In one interview, he explained,

“I love the kaiju movies. I love old Hong Kong action films… There’s a lot of bits of Asian cinema that have influenced me more than most American cinema.”

That isn’t a casual remark, it’s a declaration of taste that runs deeper than nostalgia. He singles out Kamen Rider, insisting,

“Do I like Kamen Rider? I don’t just like it—I love it!”

and acknowledging that

“the aesthetic has influenced me a lot.”

Those aesthetics—rubber suits, city-crushing monsters, the mix of absurdity and awe—are precisely what resurface when he pulls Starro out of the archives for The Suicide Squad or drops a grotesque alien cow into Peacemaker.

Even when he moves into the most mainstream project of his career, he can’t shake the genre. Talking about Superman, Gunn openly said,

“I tried to fuse elements like giant monsters, robots, flying dogs…”

and at CinemaCon, he doubled down:

“We have robots and monster babies and giant kaiju and all of that stuff.”

His admiration for Godzilla Minus One reveals the framework behind the fixation:

“My goal was to make a film like Godzilla Minus One, which depicted Godzilla but also had great human drama. There is a human story at the root. The relationship between Clark Kent and Lois Lane, and Lex Luthor is the core of the work.”

That marriage of monstrous excess with human-scale drama is the blueprint he keeps returning to.

What makes it an obsession rather than a preference is the consistency. It’s there in his earliest work at Troma, a training ground of rubber monsters and gore, and it’s there now at the top of the DCU, where kaiju aren’t guest appearances but thematic anchors.

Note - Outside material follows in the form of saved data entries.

(* Let $\mathbb{K}$ be a field and $n\geq 2$. If $\mathbb{K}$ has characteristic not $2$, every range-compatible group homomorphism $F:\mathrm{S}_n(\mathbb{K})\to\mathbb{K}^n$ is local. If $\mathbb{K}$ has characteristic $2$, the range-compatible group homomorphisms $F:\mathrm{S}_n(\mathbb{K})\to\mathbb{K}^n$ are exactly the maps of the form $$M\longmapsto MX+\begin{bmatrix}\alpha(m_{1,1}) & \alpha(m_{2,2}) & \cdots & \alpha(m_{n,n})\end{bmatrix}^T$$ with $X\in\mathbb{K}^n$ and $\alpha$ a root-linear form on $\mathbb{K}$ (in particular every such map with $X=0$ is range-compatible). Moreover, if $\mathbb{K}$ has more than $2$ elements, every range-compatible linear map on $\mathrm{S}_n(\mathbb{K})$ is local.
   Context: $\mathrm{S}_n(\mathbb{K})$ is the space of $n\times n$ symmetric matrices over $\mathbb{K}$; $m_{i,j}$ is the $(i,j)$ entry of $M$. A map $F:\mathcal{S}\to\mathbb{K}^n$ on a set of $n\times p$ matrices is range-compatible when $F(M)\in\operatorname{im}M$ for all $M$, and local when there is $X\in\mathbb{K}^p$ with $F(M)=MX$ for all $M$. In characteristic $2$, a map $\alpha:\mathbb{K}\to\mathbb{K}$ is a root-linear form when it is additive and $\alpha(\lambda^2x)=\lambda\alpha(x)$ for all $\lambda,x\in\mathbb{K}$. *)

theory Defs
  imports "HOL-Analysis.Analysis"
begin

definition sym_mats :: "('a::field ^'n ^'n) set" where
  "sym_mats = {M. transpose M = M}"

definition range_compatible :: "('a::field ^'n ^'m) set \<Rightarrow> ('a ^'n ^'m \<Rightarrow> 'a ^'m) \<Rightarrow> bool" where
  "range_compatible S F \<longleftrightarrow> (\<forall>M\<in>S. F M \<in> range (\<lambda>x. M *v x))"

definition local_map :: "('a::field ^'n ^'m) set \<Rightarrow> ('a ^'n ^'m \<Rightarrow> 'a ^'m) \<Rightarrow> bool" where
  "local_map S F \<longleftrightarrow> (\<exists>X. \<forall>M\<in>S. F M = M *v X)"

definition additive_on :: "('a::field ^'n ^'m) set \<Rightarrow> ('a ^'n ^'m \<Rightarrow> 'a ^'m) \<Rightarrow> bool" where
  "additive_on S F \<longleftrightarrow> (\<forall>M\<in>S. \<forall>N\<in>S. F (M + N) = F M + F N)"

definition linear_on :: "('a::field ^'n ^'m) set \<Rightarrow> ('a ^'n ^'m \<Rightarrow> 'a ^'m) \<Rightarrow> bool" where
  "linear_on S F \<longleftrightarrow> additive_on S F \<and> (\<forall>c. \<forall>M\<in>S. F (\<chi> i j. c * M $ i $ j) = c *s F M)"

definition root_linear :: "('a::field \<Rightarrow> 'a) \<Rightarrow> bool" where
  "root_linear \<alpha> \<longleftrightarrow> (\<forall>x y. \<alpha> (x + y) = \<alpha> x + \<alpha> y) \<and> (\<forall>l x. \<alpha> (l^2 * x) = l * \<alpha> x)"

end

theory Submission
  imports Defs
begin

text \<open>Write \<open>E\<^sub>i\<^sub>j(a)\<close> (\<open>sym_elem i j a\<close>) for the symmetric matrix with entry \<open>a\<close> at
  \<open>(i,j)\<close> and \<open>(j,i)\<close>. Range compatibility forces \<open>F(E\<^sub>i\<^sub>j(a))\<close> to be supported on \<open>{i,j}\<close>; applied to the
  rank-one matrices \<open>a (e\<^sub>i + t e\<^sub>j)(e\<^sub>i + t e\<^sub>j)\<^sup>T\<close> it yields functional equations for the
  entries \<open>F(E\<^sub>i\<^sub>i(a))\<^sub>i\<close> and \<open>F(E\<^sub>i\<^sub>j(a))\<^sub>i\<close>. Solving them shows \<open>F(E\<^sub>i\<^sub>j(a))\<^sub>i = a x\<^sub>j\<close> for
  \<open>i \<noteq> j\<close> and \<open>F(E\<^sub>i\<^sub>i(a))\<^sub>i = a x\<^sub>i + \<alpha>(a)\<close> with \<open>\<alpha>\<close> root-linear, and additivity extends
  \<open>F(M) = MX + (\<alpha>(m\<^sub>i\<^sub>i))\<^sub>i\<close> from the matrices \<open>E\<^sub>i\<^sub>j(a)\<close> to all of \<open>S\<^sub>n(K)\<close>. A root-linear
  form vanishes unless \<open>2 = 0\<close>, and a linear one vanishes as soon as some scalar differs
  from \<open>0\<close> and \<open>1\<close>. Conversely, in characteristic 2 we have \<open>z\<^sup>T M z = \<Sum> z\<^sub>i\<^sup>2 m\<^sub>i\<^sub>i\<close>, so
  \<open>\<Sum> \<alpha>(m\<^sub>i\<^sub>i) z\<^sub>i = \<alpha>(z\<^sup>T M z)\<close> vanishes for \<open>z \<in> ker M\<close>: the vector \<open>(\<alpha>(m\<^sub>i\<^sub>i))\<^sub>i\<close> is
  orthogonal to the kernel of the symmetric matrix \<open>M\<close>, hence lies in its range.\<close>

definition sym_elem :: "'n \<Rightarrow> 'n \<Rightarrow> 'a::field \<Rightarrow> 'a^'n^'n" where
  "sym_elem i j a = (\<chi> r c. if (r = i \<and> c = j) \<or> (r = j \<and> c = i) then a else 0)"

James Gunn builds around the genre, fusing his love of Japanese tokusatsu into the DNA of American superhero storytelling. Every time a giant creature crashes into his universe, it’s not an accident: it’s Gunn replaying the films that shaped him, repeatedly proving that the kid who once adored Ultraman never really grew out of it.

The symbolic weight of giant creatures

Kaiju are never only monsters. They are vessels for collective fears and cultural anxieties. In postwar Japan, they embodied nuclear trauma and technological dread.

In James Gunn’s hands, however, they mutate into allegories for corruption, authoritarian control, and ecological collapse. Starro’s spores that enslave human minds were a direct jab at imperialist domination. The alien cow embodied grotesque consumption, turning bodies into commodities.

These kaiju hammer home the idea that the problems facing James Gunn's characters are always larger than life, so immense they can’t be fought without a blend of absurdity and grit. He uses these creatures to insist that power itself is monstrous, and that the fight against it will always feel impossible.

Monsters as DCU brand

What began as a creative flourish has become a brand signature. The DCU under James Gunn is shaping up to be a playground where kaiju stride alongside capes and masks. It’s an aesthetic choice and a thematic commitment.

By continually bringing in creatures of impossible scale, James Gunn is differentiating his universe from Marvel’s polished formula. Where the MCU leans on cosmic beings and multiversal crises, the DCU under Gunn is being built on a foundation of monsters, a world where grotesque excess collides with biting satire.

Actor John Cena and Director James Gunn attend the HBO Max presents Peacemaker, From DC Studios VIP PEACEFEST at Nova SD on July 26, 2025 in San Diego, California. | Image via: Getty
Actor John Cena and Director James Gunn attend the HBO Max presents Peacemaker, From DC Studios VIP PEACEFEST at Nova SD on July 26, 2025 in San Diego, California. | Image via: Getty

Why giant monsters keep crashing into James Gunn's DCU

The pattern is clear. Gunn doesn’t sprinkle kaiju into his work as Easter eggs; he builds entire climaxes around them. He can’t tell a story without the shadow of a giant looming somewhere behind the frame. It’s his way of reconciling the influences he loves—Japanese tokusatsu, Hong Kong action, American B-movies—with the superhero myths he now commands.

That’s why giant monsters keep crashing into his DCU: because for James Gunn, they aren’t intrusions. They’re the purest expression of his imagination, the living proof that his obsession is not a phase but the defining rhythm of his storytelling.